If you recall from my post on Explicit Feedback Matrix Factorization, we had a loss function (without biases) that looked like:

$$L_{exp} = \sum\limits_{u,i \in S}(r_{ui} - \textbf{x}_{u}^{\intercal} \cdot{} \textbf{y}_{i})^{2} + \lambda_{x} \sum\limits_{u} \left\Vert \textbf{x}_{u} \right\Vert^{2} + \lambda_{y} \sum\limits_{u} \left\Vert \textbf{y}_{i} \right\Vert^{2}$$

where $r_{ui}$ is an element of the matrix of user-item ratings, $\textbf{x}_{u}$ ($\textbf{y}_{i}$) are user $u$’s (item $i$’s) latent factors, and $S$ was the set of all user-item ratings. WRMF is simply a modification of this loss function:

$$L_{WRMF} = \sum\limits_{u,i}c_{ui} \big( p_{ui} - \textbf{x}_{u}^{\intercal} \cdot{} \textbf{y}_{i} \big) ^{2} + \lambda_{x} \sum\limits_{u} \left\Vert \textbf{x}_{u} \right\Vert^{2} + \lambda_{y} \sum\limits_{u} \left\Vert \textbf{y}_{i} \right\Vert^{2}$$

Here, we are not summing of over elements of $S$ but instead over our entire matrix. Recall that with implicit feedback, we do not have ratings anymore; rather, we have users’ preferences for items. In the WRMF loss function, the ratings matrix $r_{ui}$ has been replaced with a preference matrix $p_{ui}$. We make the assumption that if a user has interacted at all with an item, then $p_{ui} = 1$. Otherwise, $p_{ui} = 0$.

The other new term in the loss function is $c_{ui}$. We call this the confidence matrix, and it roughly describes how confident we are that user $u$ does in fact have preference $p_{ui}$ for item $i$. In the paper, one of the confidence formulas that the authors consider is linear in the number of interactions. If we take $d_{ui}$ to be the number of times a user has clicked on an item on a website, then

$$c_{ui} = 1 + \alpha d_{ui}$$

where $\alpha$ is some hyperparameter determined by cross validation. In the case of the Sketchfab data, we only have binary “likes”, so $d_{ui} \in {0, 1}$

To take a step back, WRMF does not make the assumption that a user who has not interacted with an item does not like the item. WRMF does assume that that user has a negative preference towards that item, but we can choose how confident we are in that assumption through the confidence hyperparameter.
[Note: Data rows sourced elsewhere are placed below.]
definition repM :: "nat \<Rightarrow> (complex mat \<Rightarrow> complex mat) \<Rightarrow> nat list \<Rightarrow> nat list \<Rightarrow> complex" where
  "repM n \<Phi> z x = mtrace (pauli n z * \<Phi> (pauli n x)) / 2 ^ n"

definition lpnorm :: "real \<Rightarrow> 'i set \<Rightarrow> ('i \<Rightarrow> complex) \<Rightarrow> real" where
  "lpnorm p I v = (\<Sum>i\<in>I. cmod (v i) powr p) powr (1 / p)"

definition lpnorm_e :: "ereal \<Rightarrow> 'i set \<Rightarrow> ('i \<Rightarrow> complex) \<Rightarrow> real" where
  "lpnorm_e p I v = (if p = \<infinity> then Max ((\<lambda>i. cmod (v i)) ` I) else lpnorm (real_of_ereal p) I v)"

definition pstar :: "real \<Rightarrow> ereal" where
  "pstar p = (if p = 1 then \<infinity> else ereal (p / (p - 1)))"

definition recip_e :: "ereal \<Rightarrow> real" where
  "recip_e q = (if q = \<infinity> then 0 else 1 / real_of_ereal q)"

definition group_norm :: "nat \<Rightarrow> real \<Rightarrow> ereal \<Rightarrow> (nat list \<Rightarrow> nat list \<Rightarrow> complex) \<Rightarrow> real" where
  "group_norm n p q M =
     (let rows = nzstrings n; rn = (\<lambda>z. lpnorm p (nzstrings n) (M z)) in
      if q = \<infinity> then Max (rn ` rows)
      else ((\<Sum>z\<in>rows. rn z powr real_of_ereal q) / real (card rows)) powr (1 / real_of_ereal q))"

definition mu_hat :: "nat \<Rightarrow> real \<Rightarrow> ereal \<Rightarrow> (complex mat \<Rightarrow> complex mat) list \<Rightarrow> real" where
  "mu_hat n p q cs = prod_list (map (\<lambda>\<Phi>. group_norm n p q (repM n \<Phi>)) cs)"

text \<open>C_l = Phi_l o ... o Phi_1 for cs = [Phi_1, ..., Phi_l] (Phi_1 applied first).\<close>
definition apply_circuit :: "(complex mat \<Rightarrow> complex mat) list \<Rightarrow> complex mat \<Rightarrow> complex mat" where
  "apply_circuit cs X = fold (\<lambda>\<Phi> Y. \<Phi> Y) cs X"

definition circuits :: "nat \<Rightarrow> nat \<Rightarrow> real \<Rightarrow> ereal \<Rightarrow> real \<Rightarrow> (complex mat \<Rightarrow> complex mat) list set" where
  "circuits n l p q \<mu> = {cs. length cs = l \<and> (\<forall>\<Phi>\<in>set cs. unital_channel n \<Phi>) \<and> mu_hat n p q cs \<le> \<mu>}"

text \<open>f_{C}(x) = Tr(C_l(rho(x)) H) (a real number; we take the real part).\<close>
definition f_circ :: "('x \<Rightarrow> complex mat) \<Rightarrow> complex mat \<Rightarrow> (complex mat \<Rightarrow> complex mat) list \<Rightarrow> 'x \<Rightarrow> real" where
  "f_circ \<rho> H cs x = Re (mtrace (apply_circuit cs (\<rho> x) * H))"

definition fclass :: "nat \<Rightarrow> nat \<Rightarrow> real \<Rightarrow> ereal \<Rightarrow> real \<Rightarrow> ('x \<Rightarrow> complex mat) \<Rightarrow> complex mat \<Rightarrow> ('x \<Rightarrow> real) set" where
  "fclass n l p q \<mu> \<rho> H = f_circ \<rho> H ` circuits n l p q \<mu>"

definition signs :: "nat \<Rightarrow> real list set" where
  "signs m = {e. length e = m \<and> set e \<subseteq> {-1, 1}}"

definition rademacher :: "'x list \<Rightarrow> ('x \<Rightarrow> real) set \<Rightarrow> real" where
  "rademacher xs G =
     (let m = length xs in
      (\<Sum>e\<in>signs m. (1 / real m) *
          Sup {\<bar>\<Sum>i<m. e ! i * g (xs ! i)\<bar> | g. g \<in> G}) / 2 ^ m)"

definition pure_state :: "nat \<Rightarrow> complex mat \<Rightarrow> bool" where
  "pure_state n R \<longleftrightarrow> (\<exists>v :: nat \<Rightarrow> complex. (\<Sum>i<2 ^ n. (cmod (v i))\<^sup>2) = 1 \<and>
       R = mat (2 ^ n) (2 ^ n) (\<lambda>(i, j). v i * cnj (v j)))"

definition fI_hat :: "nat \<Rightarrow> complex mat \<Rightarrow> nat list \<Rightarrow> complex" where
  "fI_hat n R z = mtrace (pauli n z * R) / 2 ^ n"

definition K_hat :: "nat \<Rightarrow> real \<Rightarrow> ('x \<Rightarrow> complex mat) \<Rightarrow> 'x list \<Rightarrow> complex mat \<Rightarrow> real" where
  "K_hat n p \<rho> xs H =
     lpnorm p (nzstrings n) (\<lambda>z. mtrace (pauli n z * H)) *
     Max {lpnorm_e (pstar p) (nzstrings n) (fI_hat n (\<rho> (xs ! i))) | i. i < length xs}"

end

theory Submission
  imports Defs "HOL-Probability.Hoeffding"
begin

(*
  For a unital channel the identity component of a state does not feed into the others, so a
  circuit acts on the vector of non-identity Pauli coefficients by the product of the matrices
  hat M of its layers, and, H being traceless, f_C(x) is the pairing of the coefficient vector
  alpha of H with that product applied to the coefficient vector of rho(x).  By Hoelder, the
  empirical Rademacher complexity is at most ||alpha||_p times the average p*-norm of the
  product applied to the signed sum of the sample coefficient vectors.  Each layer costs at most
  N^max(1/p*,1/q) ||hat M||_{p,q} in the p*-norm: Hoelder in every row, then a comparison of the
  l_p* and l_q norms of the vector of row norms.  What is left is the average p*-norm of a
  Rademacher sum of m vectors.  For p* >= 2 Khintchine's inequality, proved coordinatewise from
  the moment generating function, gives sqrt(p* m); for p* > 8n one first passes to the
  l_(4n) norm, which costs only N^(1/(4n)) <= sqrt 2.  For p* <= 2 the second moment and
  concavity give m to the power 1/p*.
*)

section \<open>Finite-dimensional lp norms\<close>

definition lnorm :: "real \<Rightarrow> 'i set \<Rightarrow> ('i \<Rightarrow> real) \<Rightarrow> real" where
  "lnorm r S a = (\<Sum>i\<in>S. a i powr r) powr (1/r)"

lemma lnorm_nonneg: "lnorm r S a \<ge> 0"
  by (simp add: lnorm_def)

lemma lnorm_powr:
  assumes "r > 0" "\<forall>i\<in>S. a i \<ge> 0"
  shows "lnorm r S a powr r = (\<Sum>i\<in>S. a i powr r)"
  unfolding lnorm_def using assms by (simp add: powr_powr sum_nonneg)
Now, I could go through the whole derivation in gory latex of how to optimize this algorithm á la my previous explicit MF post, but other people have already done this many times over. Here’s a great StackOverflow answer, or, if you like your derivations in Dirac notation, then checkout Sudeep Das’ post.

WRMF Libraries

There are a number of places to find open source code which implements WRMF. The most popular method of optimizing the loss function is through Alternating Least Squares. This tends be less tricky to tune than stochastic gradient descent, and the model is embarrassingly parallel.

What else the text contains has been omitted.